Light between 2 towers reflecting off a lake

[ArmChairPhysicist]

I can expand (120-x)^2 into its polynomial and combine within the expression,

 

[ArmChairPhysicist]

Ok, now the chain rule

 

[ArmChairPhysicist]

If I did it right
AF' is

2x/(2(7^2+X^2)^1/2)

 

[ArmChairPhysicist]

When taking the derivative of the DF expression, is it best to expand (120-X)^2 before taking the derivative?

 

[ArmChairPhysicist]

I have this now for DF'
282-2X / 2(21^2 +(120-X)^2)^1/2

 

[ArmChairPhysicist]

Then I simplify those, set them to zero and solve I believe?

 

[ArmChairPhysicist]

Could I square the fractions to eliminate the radicals?

 

[ArmChairPhysicist]

If not how should I go about simplifying what I have

 

[ArmChairPhysicist]

Currently I have this by cross multiplying out the denominators.
X•sqrt(21^2 +(120-X)^2) +
(141-X)•sqrt(7^2+X^2)=0

 

[ArmChairPhysicist]

This is my current equation, and is what I'm attempting to simplify.

I know that my end goal is to isolate X so I can solve, but I need to eliminate those radicals, and I can't figure out how. Any ideas?

 

[Ray Vickson]

View attachment 196037
This is my current equation, and is what I'm attempting to simplify.

I know that my end goal is to isolate X so I can solve, but I need to eliminate those radicals, and I can't figure out how. Any ideas?

Rewrite the derivative by combining the terms over the common denominator $D = \sqrt{7^2+x^2} \sqrt{21^2+(120-x)^2}$. That will produce a numerator having the square roots in two terms. Now equate the numerator to zero, using the standard approach, which is to re-write the equation so that the two square-roots are on opposite sides; then square both sides.

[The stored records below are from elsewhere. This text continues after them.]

lemma linear_matrix_of: "Vector_Spaces.linear (*s) (mscale :: 'a::field \<Rightarrow> 'a^'n^'m \<Rightarrow> _) matrix_of"
  by unfold_locales (auto simp: matrix_of_def mscale_def vec_eq_iff algebra_simps)

lemma inj_matrix_of: "inj matrix_of"
  by (auto simp: inj_on_def matrix_of_def vec_eq_iff)

lemma surj_matrix_of: "surj matrix_of"
proof (rule surjI)
  fix A :: "'a::field^'n^'m"
  show "matrix_of (\<chi> p. A $ fst p $ snd p) = A"
    by (simp add: matrix_of_def vec_eq_iff)
qed

lemma matrix_of_axis:
  "matrix_of (axis (i,j) (1::'a::field)) $ a $ b = (if a = i \<and> b = j then 1 else 0)"
  by (auto simp: matrix_of_def axis_def)

interpretation matrix_of: Vector_Spaces.linear "(*s)" "mscale :: 'a::field \<Rightarrow> 'a^'n^'m \<Rightarrow> _" matrix_of
  by (rule linear_matrix_of)

interpretation matrix_space: finite_dimensional_vector_space "mscale :: 'a::field \<Rightarrow> 'a^'n^'m \<Rightarrow> _"
  "matrix_of ` cart_basis"
proof
  show "finite (matrix_of ` cart_basis)" by (simp add: finite_cart_basis)
  show "mat.independent (matrix_of ` cart_basis)"
    using matrix_of.independent_injective_image[OF vec.independent_Basis] inj_matrix_of
    by (meson inj_on_subset subset_UNIV)
  show "mat.span (matrix_of ` cart_basis) = UNIV"
    using matrix_of.span_image[of cart_basis] vec.span_Basis surj_matrix_of by metis
qed

lemma mat_dim_UNIV: "mat.dim (UNIV :: ('a::field^'n^'m) set) = CARD('m) * CARD('n)"
proof -
  have "mat.dim (UNIV :: ('a::field^'n^'m) set) = card (matrix_of ` (cart_basis :: ('a^('m\<times>'n)) set))"
    by (rule matrix_space.dim_UNIV)
  also have "\<dots> = card (cart_basis :: ('a^('m\<times>'n)) set)"
    by (rule card_image) (meson inj_matrix_of inj_on_subset subset_UNIV)
  finally show ?thesis by (simp add: card_cart_basis)
qed

lemma mat_dim_le: "mat.dim (X :: ('a::field^'n^'m) set) \<le> CARD('m) * CARD('n)"
  by (metis mat_dim_UNIV matrix_space.dim_subset subset_UNIV)

lemma card_unit_matrices:
  "card ((\<lambda>p. matrix_of (axis p (1::'a::field))) ` (A \<times> B)) = card (A :: 'm::finite set) * card (B :: 'n::finite set)"
proof -
  have "inj_on (\<lambda>p. matrix_of (axis p (1::'a))) (A \<times> B)"
    by (auto simp: inj_on_def inj_eq[OF inj_matrix_of] axis_eq_axis)
  then show ?thesis by (simp add: card_image card_cartesian_product)
qed

lemma card_le_dim_of_unit_matrices:
  assumes "(\<lambda>p. matrix_of (axis p (1::'a::field))) ` (A \<times> B) \<subseteq> (K :: ('a^'n^'m) set)"
  shows "card A * card B \<le> mat.dim K"
proof -
  have "mat.independent ((\<lambda>p. matrix_of (axis p (1::'a))) ` (A \<times> B))"
    by (rule mat.independent_mono[OF matrix_space.independent_Basis]) (auto simp: cart_basis_def)
  then show ?thesis
    using matrix_space.independent_card_le_dim[OF assms] card_unit_matrices by metis
qed

context finite_dimensional_vector_space
begin

lemma dim_Int_diff_ge:
  assumes "subspace C1" "subspace C2" "subspace K" "C2 \<subseteq> C1"
  shows "int (dim (C1 \<inter> K)) - int (dim (C2 \<inter> K)) \<ge>
         int (dim C1) - int (dim C2) - int (dim (UNIV :: 'b set)) + int (dim K)"
proof -
  have sum1: "dim {x + y |x y. x \<in> C1 \<and> y \<in> K} + dim (C1 \<inter> K) = dim C1 + dim K"
    by (rule dim_sums_Int) (use assms in auto)
  have sum2: "dim {x + y |x y. x \<in> C2 \<and> y \<in> K} + dim (C2 \<inter> K) = dim C2 + dim K"
    by (rule dim_sums_Int) (use assms in auto)
  have "dim {x + y |x y. x \<in> C1 \<and> y \<in> K} \<le> dim (UNIV :: 'b set)"
    by (rule dim_subset) simp
  moreover have "K \<subseteq> {x + y |x y. x \<in> C2 \<and> y \<in> K}"
    using subspace_0[OF assms(2)] by force
  then have "dim K \<le> dim {x + y |x y. x \<in> C2 \<and> y \<in> K}"
    by (rule dim_subset)
  ultimately show ?thesis using sum1 sum2 by linarith
qed

end

definition coord_subspace :: "'n set \<Rightarrow> ('a::field^'n) set" where
  "coord_subspace S = {x. \<forall>j. j \<notin> S \<longrightarrow> x $ j = 0}"

lemma subspace_coord_subspace: "vec.subspace (coord_subspace S)"
  by (auto simp: vec.subspace_def coord_subspace_def)

lemma dim_coord_subspace_le: "vec.dim (coord_subspace S :: ('a::field^'n) set) \<le> card S"
proof -
  have "x \<in> vec.span ((\<lambda>j. axis j (1::'a)) ` S)" if x: "x \<in> coord_subspace S" for x :: "'a^'n"
  proof -
    have "(\<Sum>j\<in>S. x $ j *s axis j (1::'a)) $ k = (if k \<in> S then x $ k else 0)" for k
      by (simp add: sum_component axis_def if_distrib cong: if_cong)
    then have "x = (\<Sum>j\<in>S. x $ j *s axis j 1)"
      using x by (simp add: vec_eq_iff coord_subspace_def)
    also have "\<dots> \<in> vec.span ((\<lambda>j. axis j (1::'a)) ` S)"
      by (intro vec.span_sum vec.span_scale vec.span_base) auto
    finally show ?thesis .
  qed
  then have "vec.dim (coord_subspace S :: ('a^'n) set) \<le> card ((\<lambda>j. axis j (1::'a)) ` S)"
    by (intro vec.dim_le_card) auto
  also have "\<dots> \<le> card S" by (rule card_image_le) simp
  finally show ?thesis .
qed

lemma VL_coord_subspace:
  "VL (coord_subspace S) = {V :: 'a::field^'n^'m. \<forall>i j. j \<notin> S \<longrightarrow> V $ i $ j = 0}"
proof -
  have "Row V \<subseteq> coord_subspace S \<longleftrightarrow> range (\<lambda>i. V $ i) \<subseteq> coord_subspace S" for V :: "'a^'n^'m"
    unfolding Row_def
    by (metis subset_trans vec.span_superset vec.span_minimal subspace_coord_subspace)
  then show ?thesis by (auto simp: VL_def coord_subspace_def image_subset_iff)
qed

lemma subspace_VL_coord_subspace: "mat.subspace (VL (coord_subspace S) :: ('a::field^'n^'m) set)"
  unfolding VL_coord_subspace by (auto simp: mat.subspace_def mscale_def)

lemma dim_VL_coord_subspace_ge:
  "CARD('m) * card S \<le> mat.dim (VL (coord_subspace S) :: ('a::field^'n^'m) set)"
proof -
  have "(\<lambda>p. matrix_of (axis p (1::'a))) ` (UNIV \<times> S) \<subseteq> (VL (coord_subspace S) :: ('a^'n^'m) set)"
    by (auto simp: VL_coord_subspace matrix_of_axis)
  then show ?thesis by (rule card_le_dim_of_unit_matrices)
qed

definition row_supported :: "'m set \<Rightarrow> ('a::field^'n^'m) set" where
  "row_supported T = {V. \<forall>i. i \<notin> T \<longrightarrow> V $ i = 0}"

lemma subspace_row_supported: "mat.subspace (row_supported T)"
  by (auto simp: mat.subspace_def mscale_def row_supported_def)

lemma dim_row_supported_ge:
  "CARD('n) * card T \<le> mat.dim (row_supported T :: ('a::field^'n^'m) set)"
proof -
  have "(\<lambda>p. matrix_of (axis p (1::'a))) ` (T \<times> UNIV) \<subseteq> (row_supported T :: ('a^'n^'m) set)"
    by (auto simp: row_supported_def vec_eq_iff matrix_of_axis)
  then show ?thesis by (subst mult.commute) (rule card_le_dim_of_unit_matrices)
qed

lemma Rk_row_supported_le:
  assumes "V \<in> row_supported T"
  shows "Rk V \<le> card T"
proof -
  have "V $ i \<in> vec.span ((\<lambda>i. V $ i) ` T)" for i
    using assms by (cases "i \<in> T") (auto simp: row_supported_def vec.span_zero intro: vec.span_base)
  then have "range (\<lambda>i. V $ i) \<subseteq> vec.span ((\<lambda>i. V $ i) ` T)"
    by blast
  then have "vec.dim (range (\<lambda>i. V $ i)) \<le> card ((\<lambda>i. V $ i) ` T)"
    by (intro vec.dim_le_card) auto
  also have "\<dots> \<le> card T" by (rule card_image_le) simp
  finally show ?thesis by (simp add: Rk_def Row_def)
qed

lemma Rk_VL_le: "V \<in> VL L \<Longrightarrow> Rk V \<le> vec.dim L"
  by (simp add: Rk_def VL_def vec.dim_subset)

lemma Rk_le_nrows: "Rk (V :: 'a::field^'n^'m) \<le> CARD('m)"
  using Rk_row_supported_le[of V UNIV] by (simp add: row_supported_def)

lemma Rk_le_ncols: "Rk (V :: 'a::field^'n^'m) \<le> CARD('n)"
  by (simp add: Rk_def dim_subset_UNIV_cart_gen)

lemma Rk_eq_0_iff: "Rk V = 0 \<longleftrightarrow> V = 0"
  by (auto simp: Rk_def Row_def vec_eq_iff image_subset_iff)

lemma low_rank_subspace_exists:
  assumes "k \<le> min CARD('m) CARD('n)"
  obtains K :: "('a::field^'n^'m) set"
  where "mat.subspace K" "max CARD('m) CARD('n) * k \<le> mat.dim K" "\<And>V. V \<in> K \<Longrightarrow> Rk V \<le> k"
proof (cases "CARD('n) \<le> CARD('m)")
  case True
  obtain S :: "'n set" where "card S = k"
    using assms obtain_subset_with_card_n[of k "UNIV :: 'n set"] by auto
  show ?thesis
  proof (rule that)
    show "mat.subspace (VL (coord_subspace S) :: ('a^'n^'m) set)"
      by (rule subspace_VL_coord_subspace)
    show "max CARD('m) CARD('n) * k \<le> mat.dim (VL (coord_subspace S) :: ('a^'n^'m) set)"
      using dim_VL_coord_subspace_ge[of S] True \<open>card S = k\<close> by (simp add: max_absorb1)
    show "Rk V \<le> k" if "V \<in> VL (coord_subspace S)" for V :: "'a^'n^'m"
      using Rk_VL_le[OF that] dim_coord_subspace_le[of S, where 'a='a] \<open>card S = k\<close> by linarith
  qed
next
  case False
  obtain T :: "'m set" where "card T = k"
    using assms obtain_subset_with_card_n[of k "UNIV :: 'm set"] by auto
  show ?thesis
  proof (rule that)
    show "mat.subspace (row_supported T :: ('a^'n^'m) set)"
      by (rule subspace_row_supported)
    show "max CARD('m) CARD('n) * k \<le> mat.dim (row_supported T :: ('a^'n^'m) set)"
      using dim_row_supported_ge[of T] False \<open>card T = k\<close> by (simp add: max_absorb2)
    show "Rk V \<le> k" if "V \<in> row_supported T" for V :: "'a^'n^'m"
      using Rk_row_supported_le[OF that] \<open>card T = k\<close> by simp
  qed
qed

That gets rid of all the square roots.

 

[Dick]

View attachment 196037
This is my current equation, and is what I'm attempting to simplify.

I know that my end goal is to isolate X so I can solve, but I need to eliminate those radicals, and I can't figure out how. Any ideas?

I would check where that '141' in the numerator came from.

 

[ArmChairPhysicist]

The 141 came from me taking the derivative of 21^2+(120-x)2

2 • 21 ^2-1 =
42

(120-x)^2 = 2(120-X)^1 correct?

 

[ArmChairPhysicist]

Then when I reduced the fractions in my equation 282-2x became 141-x unless I messed up somewhere

 

[ArmChairPhysicist]

So from this

 

[ArmChairPhysicist]

To this?

 

[ArmChairPhysicist]

Cancel out the denominator, then square both sides?

 

[ArmChairPhysicist]

Which gets me this.

 

[Ray Vickson]

View attachment 196047 To this?

Well, the answer is yes, since you have done exactly what I suggested. However: please do not continually ask questions as to whether your next step is correct or not---just work it all out, from beginning to the end (or, at least, as FAR as you can). Try to develop some confidence in your own work.

 

[ArmChairPhysicist]

Now I simply solve for x?

 

[ArmChairPhysicist]

Ok thank you

 

[ArmChairPhysicist]

Thank you so much for your help and time.

 

[Dick]

The 141 came from me taking the derivative of 21^2+(120-x)2

2 • 21 ^2-1 =
42

(120-x)^2 = 2(120-X)^1 correct?

Not correct. The derivative of $21^2$ is zero. It's a constant.